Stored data

lemma Max_tail_choose_2_mono:
  fixes \<alpha> :: "'b::linorder \<Rightarrow> nat"
  assumes "finite S" "T \<subseteq> S" "T \<noteq> {}"
  shows "Max ((\<lambda>j. \<alpha> j + (card {i\<in>T. j \<le> i} choose 2)) ` T)
    \<le> Max ((\<lambda>j. \<alpha> j + (card {i\<in>S. j \<le> i} choose 2)) ` S)"
proof (rule Max.boundedI)
  show "finite ((\<lambda>j. \<alpha> j + (card {i\<in>T. j \<le> i} choose 2)) ` T)"
    using assms(1,2) finite_subset by blast
  show "(\<lambda>j. \<alpha> j + (card {i\<in>T. j \<le> i} choose 2)) ` T \<noteq> {}"
    using assms(3) by simp
next
  fix x assume "x \<in> (\<lambda>j. \<alpha> j + (card {i\<in>T. j \<le> i} choose 2)) ` T"
  then obtain j where j: "j \<in> T" and x: "x = \<alpha> j + (card {i\<in>T. j \<le> i} choose 2)"
    by blast
  have "card {i\<in>T. j \<le> i} \<le> card {i\<in>S. j \<le> i}"
    using assms(1,2) by (intro card_mono) auto
  then have "x \<le> \<alpha> j + (card {i\<in>S. j \<le> i} choose 2)"
    unfolding x by (simp add: binomial_right_mono)
  also have "\<dots> \<le> Max ((\<lambda>j. \<alpha> j + (card {i\<in>S. j \<le> i} choose 2)) ` S)"
    using assms(1,2) j by (intro Max_ge) auto
  finally show "x \<le> Max ((\<lambda>j. \<alpha> j + (card {i\<in>S. j \<le> i} choose 2)) ` S)" .
qed
lemma fitzpatrick_epi_closed:
  assumes "\<And>k. fitzpatrick_epi A (Z k) (C k)" and "Z \<longlonglongrightarrow> z" and "C \<longlonglongrightarrow> c"
  shows "fitzpatrick_epi A z c"
  unfolding fitzpatrick_epi_def
proof (intro allI impI)
  fix a a' assume "a' \<in> A a"
  have "(\<lambda>k. inner (fst (Z k)) a' + inner a (snd (Z k)) - inner a a')
      \<longlonglongrightarrow> inner (fst z) a' + inner a (snd z) - inner a a'"
    by (intro tendsto_intros assms(2))
  then show "inner (fst z) a' + inner a (snd z) - inner a a' \<le> c"
    by (rule LIMSEQ_le[OF _ assms(3)]) (use assms(1) \<open>a' \<in> A a\<close> in \<open>auto simp: fitzpatrick_epi_def\<close>)
qed

lemma fitzpatrick_epi_lower_bound:
  assumes "maximally_monotone A" and "fitzpatrick_epi A z c"
  shows "0 \<le> c + (norm z)\<^sup>2 / 2"
proof -
  obtain x u where z: "z = (x, u)" by fastforce
  have "inner x u \<le> c"
    using fitzpatrick_epi_inner_le assms z by blast
  moreover have "(norm z)\<^sup>2 = (norm x)\<^sup>2 + (norm u)\<^sup>2"
    by (simp add: z power2_norm_eq_inner inner_prod_def)
  moreover have "0 \<le> (norm (x + u))\<^sup>2" by simp
  moreover have "(norm (x + u))\<^sup>2 = (norm x)\<^sup>2 + (norm u)\<^sup>2 + 2 * inner x u"
    by (simp add: power2_norm_eq_inner inner_add_left inner_add_right inner_commute)
  ultimately show ?thesis by linarith
qed
lemma card_light: "card {c \<in> C. lee_wt c = n} = card C - card heavy - 1"
proof -
  have "C = {c \<in> C. lee_wt c = n} \<union> insert (replicate n 0) heavy"
    using lee_wt_cases zero_in_code heavy_subset by (auto simp: heavy_def)
  moreover have "{c \<in> C. lee_wt c = n} \<inter> insert (replicate n 0) heavy = {}"
    using length_pos length_less by (auto simp: heavy_def)
  ultimately have "card C = card {c \<in> C. lee_wt c = n} + card (insert (replicate n 0) heavy)"
    using code_finite by (metis card_Un_disjoint finite_Un)
  then show ?thesis
    using zero_notin_heavy finite_heavy by simp
qed

end

lemma mult_eq_two_power:
  fixes b m k :: nat
  assumes "b * m = 2 ^ k"
  obtains t where "t \<le> k" "b = 2 ^ t" "m = 2 ^ (k - t)"
proof -
  obtain t where t: "t \<le> k" "b = 2 ^ t"
    using assms divides_primepow_nat[OF two_is_prime_nat] by (metis dvd_triv_left)
  then have "2 ^ t * m = 2 ^ t * 2 ^ (k - t)"
    using assms by (simp flip: power_add)
  then show ?thesis
    using that t by simp
qed

lemma (in two_weight_z4_code) weight_parameters:
  assumes "card C = 2 ^ l"
  obtains t where "1 \<le> t" "card heavy + 1 = 2 ^ t" "w = 2 ^ (l - 1)"
    "n = 2 ^ (l - 1) - 2 ^ (l - t - 1)" "2 * n = 2 ^ l - 2 ^ (l - t)"
    "card {c \<in> C. lee_wt c = n} = 2 ^ l - 2 ^ t"
proof -
  have "l \<noteq> 0"
  proof
    assume "l = 0"
    then show False
      using assms card_code length_less by simp
  qed
  then have "2 * w = 2 * 2 ^ (l - 1)"
    using assms card_code by (simp flip: power_Suc)
  then have w: "w = 2 ^ (l - 1)"
    by simp
  have "(card heavy + 1) * (w - n) = 2 ^ (l - 1)"
    using heavy_count length_less w by (simp add: algebra_simps)
  then obtain t where t: "t \<le> l - 1" "card heavy + 1 = 2 ^ t" "w - n = 2 ^ (l - 1 - t)"
    by (rule mult_eq_two_power)
  have "t \<noteq> 0"
  proof
    assume "t = 0"
    then show False
      using t(2) card_heavy_pos by simp
  qed
  moreover have n: "n = 2 ^ (l - 1) - 2 ^ (l - t - 1)"
    using t(3) w length_less by (simp add: diff_commute)
  moreover have "2 * n = 2 ^ l - 2 ^ (l - t)"
  proof -
    have "2 * 2 ^ (l - 1) = (2::nat) ^ l" "2 * 2 ^ (l - t - 1) = (2::nat) ^ (l - t)"
      using \<open>l \<noteq> 0\<close> t(1) by (simp_all flip: power_Suc)
    then show ?thesis
      using n by (simp add: right_diff_distrib')
  qed
  moreover have "card {c \<in> C. lee_wt c = n} = 2 ^ l - 2 ^ t"
    using card_light assms t(2) by simp
  ultimately show ?thesis
    using that t(2) w by simp
qed

lemma (in two_weight_z4_code) weight_distribution:
  assumes type: "z4_code_type C k1 k2"
  defines "l \<equiv> 2 * k1 + k2"
  obtains t where "1 \<le> t" "t \<le> k1" "card heavy = 2 ^ t - 1" "w = 2 ^ (l - 1)"
    "n = 2 ^ (l - 1) - 2 ^ (l - t - 1)" "2 * n = 2 ^ l - 2 ^ (l - t)"
    "card {c \<in> C. lee_wt c = n} = 2 ^ l - 2 ^ t"
proof -
  obtain t where t: "1 \<le> t" "card heavy + 1 = 2 ^ t" "w = 2 ^ (l - 1)"
    "n = 2 ^ (l - 1) - 2 ^ (l - t - 1)" "2 * n = 2 ^ l - 2 ^ (l - t)"
    "card {c \<in> C. lee_wt c = n} = 2 ^ l - 2 ^ t"
    using card_of_type[OF type] unfolding l_def[symmetric] by (rule weight_parameters)
  have "card (insert (replicate n 0) heavy) \<le> 2 ^ k1"
    by (rule card_le_if_order2_characters_vanish[OF type])
      (use order2_vanishes zero_in_code heavy_subset in auto)
  moreover have "card (insert (replicate n 0) heavy) = 2 ^ t"
    using t(2) zero_notin_heavy finite_heavy by simp
  ultimately have "t \<le> k1"
    by simp
  moreover have "card heavy = 2 ^ t - 1"
    using t(2) by simp
  ultimately show ?thesis
    using that t(1,3-6) by blast
qed

section \<open>The Gray image\<close>

lemma Gray_Nil [simp]: "Gray [] = []"
  by (simp add: Gray_def)

lemma Gray_Cons [simp]: "Gray (a # x) = gray a @ Gray x"
  by (simp add: Gray_def)

lemma length_gray [simp]: "length (gray a) = 2"
  by (simp add: gray_def)

lemma length_Gray [simp]: "length (Gray x) = 2 * length x"
  by (induct x) simp_all

lemma ham_wt_Gray: "ham_wt (Gray x) = lee_wt x"
proof -
  have "ham_wt (gray a) = lee a" for a
    using Z4_cases[of a] by (auto simp: gray_def ham_wt_def lee_def)
  then show ?thesis
    by (induct x) (simp_all add: ham_wt_def lee_wt_def)
qed

lemma Gray_replicate_0: "Gray (replicate m 0) = replicate (2 * m) 0"
  by (induct m) (simp_all add: gray_def)

lemma inj_Gray: "inj Gray"
proof (rule injI)
  have gray: "gray a = gray b \<Longrightarrow> a = b" for a b
    using Z4_cases[of a] Z4_cases[of b] by (auto simp: gray_def)
  show "Gray x = Gray y \<Longrightarrow> x = y" for x y
  proof (induct x arbitrary: y)
    case Nil
    then have "length (Gray y) = 0"
      by simp
    then show ?case
      by simp
  next
    case (Cons a x)
    have "length y \<noteq> 0"
      using arg_cong[OF Cons.prems, of length] by auto
    then obtain b y' where y: "y = b # y'"
      by (cases y) auto
    have "gray a = gray b \<and> Gray x = Gray y'"
      using Cons.prems y by (simp add: append_eq_append_conv)
    then show ?case
      using Cons.hyps gray y by blast
  qed
qed

lemma card_Gray_image: "card (Gray ` A) = card A"
  using inj_Gray by (simp add: card_image inj_on_subset)

lemma card_Gray_weight: "card {y \<in> Gray ` A. ham_wt y = v} = card {c \<in> A. lee_wt c = v}"
proof -
  have "{y \<in> Gray ` A. ham_wt y = v} = Gray ` {c \<in> A. lee_wt c = v}"
    by (auto simp: ham_wt_Gray)
  then show ?thesis
    by (simp add: card_Gray_image)
qed

lemma (in z4_code) Gray_weights:
  "{ham_wt y | y. y \<in> Gray ` C \<and> y \<noteq> replicate (2 * n) 0} = lee_weights C"
proof -
  have "Gray ` C - {replicate (2 * n) 0} = Gray ` (C - {replicate n 0})"
    using inj_Gray by (simp add: image_set_diff flip: Gray_replicate_0)
  then have "{ham_wt y | y. y \<in> Gray ` C \<and> y \<noteq> replicate (2 * n) 0} =
      ham_wt ` Gray ` (C - {replicate n 0})"
    by blast
  then show ?thesis
    by (simp add: image_image ham_wt_Gray lee_weights_code)
qed

theorem mainTheorem3:
  fixes n k1 k2 :: nat and C :: "4 list set"
  assumes "z4_linear_code n C"
    and "z4_code_type C k1 k2"
    and "plotkin_optimal n C"
    and "projective n C"
    and "card (lee_weights C) = 2"
  shows "\<exists>t::nat. 1 \<le> t \<and> t \<le> k1 \<and>
     (\<forall>y\<in>Gray ` C. length y = 2 * n) \<and>
     2 * n = 2 ^ (2 * k1 + k2) - 2 ^ (2 * k1 + k2 - t) \<and>
     card (Gray ` C) = 2 ^ (2 * k1 + k2) \<and>
     {ham_wt y | y. y \<in> Gray ` C \<and> y \<noteq> replicate (2 * n) 0} =
       {2 ^ (2 * k1 + k2 - 1) - 2 ^ (2 * k1 + k2 - t - 1), 2 ^ (2 * k1 + k2 - 1)} \<and>
     card {y \<in> Gray ` C. ham_wt y = 2 ^ (2 * k1 + k2 - 1) - 2 ^ (2 * k1 + k2 - t - 1)}
       = 2 ^ (2 * k1 + k2) - 2 ^ t \<and>
     card {y \<in> Gray ` C. ham_wt y = 2 ^ (2 * k1 + k2 - 1)} = 2 ^ t - 1"
proof -
  interpret projective_z4_code n C
    using assms(1,4) by unfold_locales
  obtain w where "lee_weights C = {n, w}" "n < w"
    using plotkin_two_weights assms(3,5) by blast
  then interpret two_weight_z4_code n C w
    by unfold_locales
  define l where "l = 2 * k1 + k2"
  obtain t where t: "1 \<le> t" "t \<le> k1" "card heavy = 2 ^ t - 1" "w = 2 ^ (l - 1)"
    "n = 2 ^ (l - 1) - 2 ^ (l - t - 1)" "2 * n = 2 ^ l - 2 ^ (l - t)"
    "card {c \<in> C. lee_wt c = n} = 2 ^ l - 2 ^ t"
    using assms(2) unfolding l_def by (rule weight_distribution)
  have "card (Gray ` C) = 2 ^ l"
    using card_of_type[OF assms(2)] by (simp add: card_Gray_image l_def)
  moreover have "{ham_wt y | y. y \<in> Gray ` C \<and> y \<noteq> replicate (2 * n) 0} =
      {2 ^ (l - 1) - 2 ^ (l - t - 1), 2 ^ (l - 1)}"
    using Gray_weights lee_weights_eq t(4,5) by simp
  moreover have "card {y \<in> Gray ` C. ham_wt y = 2 ^ (l - 1) - 2 ^ (l - t - 1)} = 2 ^ l - 2 ^ t"
    unfolding t(5)[symmetric] using card_Gray_weight t(7) by simp
  moreover have "card {y \<in> Gray ` C. ham_wt y = 2 ^ (l - 1)} = 2 ^ t - 1"
    unfolding t(4)[symmetric] using card_Gray_weight t(3) by (simp add: heavy_def)
  ultimately show ?thesis
    unfolding l_def[symmetric] using t(1,2,6) length_code by auto
qed
(* Let $\mathcal{C}=(\mathcal{N},\Omega,P)$ satisfy exchangeability (if state $\omega'$ permutes $\omega$ then $P(\omega')=P(\omega)$) and the information assumption: (a) if $s_i=s^0$ then $P(v,s)=P(v,s_{-i})P(s_i)$, and (b) if $s_i\neq s^0$ then $V_i^d(s)>0$ if and only if $V_i^d(s_i)>0$. Then, for any state $\omega=(v,s)\in\Omega$, $P(\omega)=\lambda^{M(s)}(1-\lambda)^{n-M(s)}\sum_{s'\in C(s)}P_{\mathcal{I}}(v,s')$. Moreover, if $\sigma\in\Sigma^*$, then in each term of $\Pi_i(\mathcal{C},\sigma)=\sum_{g=0}^{\tau}\sum_{m=g}^{\tau+g}p_i(\sigma\mid g,m)P(M=m\mid S_i=s^0)Z(g,m)$, $P(M=m\mid S_i=s^0)$ depends only on $\lambda$, $p_i(\sigma\mid g,m)$ depends only on $\sigma$, and $Z(g,m)$ depends only on $P_{\mathcal{I}}$.
   Context: $n$ voters (odd), $\tau=\frac{n-1}{2}$, two policies $p^*,p_*$ chosen by simple majority; finite state space $\Omega=\mathcal{V}^n\times\mathcal{S}^n$ with signal set $\mathcal{S}=\{s^0,\dots,s^K\}$, informative signals $\mathcal{M}=\{s^1,\dots,s^K\}$; $V_i^d=V_i^{p^*}-V_i^{p_*}$ and $V_i^d(E)$ its conditional expectation given event $E$. $\lambda=P(S_i\in\mathcal{M})$; $P_{\mathcal{I}}(\cdot)=P(\cdot\mid S\in\mathcal{M}^n)$; $M(s)$ is the number of voters with informative signals; $I(s)$ the set of such voters; $C(s)=\{s'\in\mathcal{M}^n: s'_i=s_i\ \forall i\in I(s)\}$. $\Sigma^*$ is the set of strategy profiles in which voters with good news (signals $s^k$ with $V_i^d(S_i=s^k)>0$) vote $p^*$ and voters with bad news vote $p_*$; $\sigma_i$ is voter $i$'s probability of voting $p^*$ on $s^0$. $\Pi_i(\mathcal{C},\sigma)$ is the expected payoff difference between voting $p^*$ and $p_*$ for voter $i$ with signal $s^0$; $p_i(\sigma\mid g,m)$ is the probability that exactly $\tau$ of the other voters vote $p^*$ given $G=g$ others with good news, $M=m$ others informed, and $S_i=s^0$; $Z(g,m)=P(G=g\mid M=m)V_i^d(G=g,M=m,S_i=s^0)$. *)

theory Defs
  imports Complex_Main "HOL-Library.FuncSet" "HOL-Combinatorics.Permutations"
begin

(* Voters are 0,...,n-1.  A valuation v_i is a pair (V_i^{p*}, V_i^{p_*}) from a finite set Vs.
   Signals are 0..K; signal 0 is s^0 (uninformative), 1..K are the informative signals. *)
type_synonym state = "(nat \<Rightarrow> real \<times> real) \<times> (nat \<Rightarrow> nat)"

definition Om :: "nat \<Rightarrow> (real \<times> real) set \<Rightarrow> nat \<Rightarrow> state set" where
  "Om n Vs K = (PiE {..<n} (\<lambda>_. Vs)) \<times> (PiE {..<n} (\<lambda>_. {0..K}))"

definition tau :: "nat \<Rightarrow> nat" where
  "tau n = (n - 1) div 2"

definition prb :: "nat \<Rightarrow> (real \<times> real) set \<Rightarrow> nat \<Rightarrow> (state \<Rightarrow> real) \<Rightarrow> state set \<Rightarrow> real" where
  "prb n Vs K P E = (\<Sum>\<omega>\<in>Om n Vs K \<inter> E. P \<omega>)"

definition cprob :: "nat \<Rightarrow> (real \<times> real) set \<Rightarrow> nat \<Rightarrow> (state \<Rightarrow> real) \<Rightarrow> state set \<Rightarrow> state set \<Rightarrow> real" where
  "cprob n Vs K P A B = prb n Vs K P (A \<inter> B) / prb n Vs K P B"

definition cexp :: "nat \<Rightarrow> (real \<times> real) set \<Rightarrow> nat \<Rightarrow> (state \<Rightarrow> real) \<Rightarrow> (state \<Rightarrow> real) \<Rightarrow> state set \<Rightarrow> real" where
  "cexp n Vs K P X E = (\<Sum>\<omega>\<in>Om n Vs K \<inter> E. P \<omega> * X \<omega>) / prb n Vs K P E"

definition Vd :: "nat \<Rightarrow> state \<Rightarrow> real" where
  "Vd i \<omega> = fst (fst \<omega> i) - snd (fst \<omega> i)"

definition is_pmf :: "nat \<Rightarrow> (real \<times> real) set \<Rightarrow> nat \<Rightarrow> (state \<Rightarrow> real) \<Rightarrow> bool" where
  "is_pmf n Vs K P \<longleftrightarrow> (\<forall>\<omega>\<in>Om n Vs K. 0 \<le> P \<omega>) \<and> (\<Sum>\<omega>\<in>Om n Vs K. P \<omega>) = 1"

definition exchangeable :: "nat \<Rightarrow> (real \<times> real) set \<Rightarrow> nat \<Rightarrow> (state \<Rightarrow> real) \<Rightarrow> bool" where
  "exchangeable n Vs K P \<longleftrightarrow>
     (\<forall>\<pi> v s. \<pi> permutes {..<n} \<longrightarrow> (v, s) \<in> Om n Vs K \<longrightarrow> P (v \<circ> \<pi>, s \<circ> \<pi>) = P (v, s))"
section \<open>Power sums with distinct nodes\<close>

lemma fibre_sums_eq_0_if_power_sums_eq_0:
  fixes L X :: "'i \<Rightarrow> 'a::idom"
  assumes "finite I" and "card (L ` I) \<le> N" and power_sums: "\<forall>e<N. (\<Sum>i\<in>I. L i ^ e * X i) = 0"
  shows "sum X {i\<in>I. L i = \<mu>} = 0"
proof (cases "\<mu> \<in> L ` I")
  case False
  then show ?thesis by (auto intro!: sum.neutral)
next
  case True
  define S where "S = L ` I - {\<mu>}"
  define Q where "Q = (\<Prod>\<nu>\<in>S. [:-\<nu>, 1:])"
  have "finite S" using \<open>finite I\<close> unfolding S_def by auto
  have poly_Q: "poly Q z = (\<Prod>\<nu>\<in>S. z - \<nu>)" for z by (simp add: Q_def poly_prod)
  text \<open>\<open>Q\<close> vanishes at every node except \<open>\<mu>\<close>, and its degree is below the number of nodes.\<close>
  have "degree Q \<le> card S"
    unfolding Q_def using degree_prod_sum_le[OF \<open>finite S\<close>, of "\<lambda>\<nu>. [:-\<nu>, 1:]"] by simp
  also have "card S < card (L ` I)"
    unfolding S_def using True \<open>finite I\<close> by (metis card_Diff1_less finite_imageI)
  finally have deg_Q: "degree Q < N" using assms(2) by linarith
  have "sum X {i\<in>I. L i = \<mu>} * poly Q \<mu> = (\<Sum>i\<in>I. if L i = \<mu> then X i * poly Q \<mu> else 0)"
    unfolding sum_distrib_right sum.inter_filter[OF \<open>finite I\<close>] by (rule sum.cong) auto
  also have "\<dots> = (\<Sum>i\<in>I. X i * poly Q (L i))"
    using \<open>finite S\<close> by (intro sum.cong) (auto simp: poly_Q S_def prod_zero_iff)
  also have "\<dots> = (\<Sum>e\<le>degree Q. coeff Q e * (\<Sum>i\<in>I. L i ^ e * X i))"
    by (simp add: poly_altdef sum_distrib_left mult_ac sum.swap[of _ I])
  also have "\<dots> = 0" using power_sums deg_Q by (intro sum.neutral) auto
  finally have "sum X {i\<in>I. L i = \<mu>} * poly Q \<mu> = 0" .
  moreover have "poly Q \<mu> \<noteq> 0"
    unfolding poly_Q using \<open>finite S\<close> by (auto simp: prod_zero_iff S_def)
  ultimately show ?thesis by simp
qed

lemma degree_add_less: "degree p < m \<Longrightarrow> degree q < m \<Longrightarrow> degree (p + q) < m"
  using degree_add_le_max[of p q] by simp

lemma bit_add_self: "(b::bit) + b = 0"
  by (cases b) simp_all

lemma bitpoly_add_self: "(p::bit poly) + p = 0"
  by (rule poly_eqI) (simp only: coeff_add bit_add_self coeff_0)

lemma bitpoly_add_eq_0_iff: "(p::bit poly) + q = 0 \<longleftrightarrow> p = q"
  by (metis add.assoc add_0 add.commute bitpoly_add_self)

text \<open>The node attached to a zero coefficient is irrelevant, which is what \<open>f\<close> encodes.\<close>

lemma four_power_sums_eq_0_cases:
  fixes x1 x2 x3 x4 l1 l2 l3 l4 :: "bit poly" and f :: "bit poly \<Rightarrow> bit poly \<Rightarrow> 'c"
  assumes power_sums: "\<forall>e<4. l1 ^ e * x1 + l2 ^ e * x2 + l3 ^ e * x3 + l4 ^ e * x4 = 0"
    and f_0: "\<And>l. f l 0 = z"
  shows "(\<exists>\<mu>\<in>{l1, l2, l3}. (x1 \<noteq> 0 \<longrightarrow> l1 = \<mu>) \<and> (x2 \<noteq> 0 \<longrightarrow> l2 = \<mu>) \<and> (x3 \<noteq> 0 \<longrightarrow> l3 = \<mu>))
    \<or> (f l1 x1 = f l2 x2 \<and> f l3 x3 = f l4 x4) \<or> (f l1 x1 = f l3 x3 \<and> f l2 x2 = f l4 x4)
    \<or> (f l1 x1 = f l4 x4 \<and> f l2 x2 = f l3 x3)"
proof -
  define X where "X = (\<lambda>i::nat. if i = 0 then x1 else if i = 1 then x2 else if i = 2 then x3 else x4)"
  define L where "L = (\<lambda>i::nat. if i = 0 then l1 else if i = 1 then l2 else if i = 2 then l3 else l4)"
  have sum4: "(\<Sum>i<4. g i) = g 0 + g 1 + g 2 + g (3::nat)" for g :: "nat \<Rightarrow> bit poly"
    by (simp add: eval_nat_numeral)
  have fibre: "(if l1 = \<mu> then x1 else 0) + (if l2 = \<mu> then x2 else 0)
      + (if l3 = \<mu> then x3 else 0) + (if l4 = \<mu> then x4 else 0) = 0" for \<mu>
  proof -
    have "card (L ` {..<4}) \<le> 4"
      using card_image_le[of "{..<4::nat}" L] by simp
    moreover have "\<forall>e<4. (\<Sum>i<4. L i ^ e * X i) = 0"
      using power_sums unfolding sum4 X_def L_def by simp
    ultimately have "sum X {i\<in>{..<4}. L i = \<mu>} = 0"
      by (intro fibre_sums_eq_0_if_power_sums_eq_0) auto
    then show ?thesis
      unfolding sum.inter_filter[OF finite_lessThan] sum4
      by (simp add: X_def L_def cong: if_cong split del: if_split)
  qed
  show ?thesis
    using fibre[of l1] fibre[of l2] fibre[of l3] fibre[of l4]
    by (cases "l1 = l2"; cases "l1 = l3"; cases "l1 = l4"; cases "l2 = l3"; cases "l2 = l4";
        cases "l3 = l4") (simp_all add: bitpoly_add_eq_0_iff f_0)
qed

section \<open>A set whose large spectrum is a cylinder over a union of subspaces\<close>

locale subspace_family =
  fixes n t d :: nat and W :: "(nat \<Rightarrow> bool) \<Rightarrow> (nat \<Rightarrow> bool) set"
  assumes t_le_n: "t \<le> n"
    and W_subset_cube: "W j \<subseteq> cube n"
    and card_W: "card (W j) = 2 ^ d"
    and vadd_closed: "a \<in> W j \<Longrightarrow> b \<in> W j \<Longrightarrow> vadd a b \<in> W j"
    and low_part_W: "w \<in> W j \<Longrightarrow> low_part t w = vzero"
    and W_disjoint: "j \<in> cube t \<Longrightarrow> j' \<in> cube t \<Longrightarrow> w \<in> W j \<Longrightarrow> w \<in> W j' \<Longrightarrow> w \<noteq> vzero \<Longrightarrow> j = j'"
begin

lemma finite_W [simp]: "finite (W j)"
  using card_W by (metis card.infinite power_not_zero zero_neq_numeral)

lemma vzero_in_W: "vzero \<in> W j"
proof -
  have "W j \<noteq> {}" using card_W[of j] by auto
  then obtain w where "w \<in> W j" by blast
  then show ?thesis using vadd_closed[of w j w] by simp
qed

definition W_union :: "(nat \<Rightarrow> bool) set" where
  "W_union = (\<Union>j\<in>cube t. W j)"

lemma finite_W_union [simp]: "finite W_union"
  unfolding W_union_def by simp

lemma card_W_union_le: "card W_union \<le> 2 ^ t * 2 ^ d"
proof -
  have "card W_union \<le> (\<Sum>j\<in>cube t. card (W j))"
    unfolding W_union_def by (rule card_UN_le) simp
  then show ?thesis by (simp add: card_W card_cube)
qed

lemma card_W_union_minus_vzero: "card (W_union - {vzero}) = 2 ^ t * (2 ^ d - 1)"
proof -
  have "W_union - {vzero} = (\<Union>j\<in>cube t. W j - {vzero})"
    unfolding W_union_def by auto
  also have "card \<dots> = (\<Sum>j\<in>cube t. card (W j - {vzero}))"
    by (rule card_UN_disjoint) (use W_disjoint in auto)
  also have "\<dots> = 2 ^ t * (2 ^ d - 1)"
    by (simp add: vzero_in_W card_W card_cube)
  finally show ?thesis .
qed

definition W_perp :: "(nat \<Rightarrow> bool) set" where
  "W_perp = {x \<in> cube n. \<forall>w\<in>W (low_part t x). walsh n w x = 1}"

lemma W_perp_subset_cube: "W_perp \<subseteq> cube n"
  unfolding W_perp_def by auto

lemma indicator_W_perp:
  assumes "x \<in> cube n"
  shows "(if x \<in> W_perp then 1 else 0) = (1 / (2 ^ t * 2 ^ d)) *
     (\<Sum>j\<in>cube t. \<Sum>a\<in>cube t. \<Sum>w\<in>W j. walsh n a x * walsh n a j * walsh n w x)"
proof -
  have "(\<Sum>j\<in>cube t. \<Sum>a\<in>cube t. \<Sum>w\<in>W j. walsh n a x * walsh n a j * walsh n w x)
      = (\<Sum>j\<in>cube t. (\<Sum>a\<in>cube t. walsh n a (vadd x j)) * (\<Sum>w\<in>W j. walsh n w x))"
    by (simp add: walsh_vadd_right sum_product)
  also have "\<dots> = (\<Sum>j\<in>cube t. if j = low_part t x then 2 ^ t * (\<Sum>w\<in>W j. walsh n w x) else 0)"
    by (intro sum.cong) (auto simp: sum_walsh_cube[OF t_le_n] low_part_vadd_eq_vzero_iff)
  also have "\<dots> = 2 ^ t * (\<Sum>w\<in>W (low_part t x). walsh n w x)"
    by (simp add: low_part_in_cube)
  also have "(\<Sum>w\<in>W (low_part t x). walsh n w x) = 2 ^ d * (if x \<in> W_perp then 1 else 0)"
    using assms by (simp add: sum_walsh_subgroup vadd_closed card_W W_perp_def)
  finally show ?thesis by simp
qed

Work instruction:
Collect every line with the string "neutral" from the records, and copy each.

Answer below:
  then show ?thesis by (auto intro!: sum.neutral)
  also have "\<dots> = 0" using power_sums deg_Q by (intro sum.neutral) auto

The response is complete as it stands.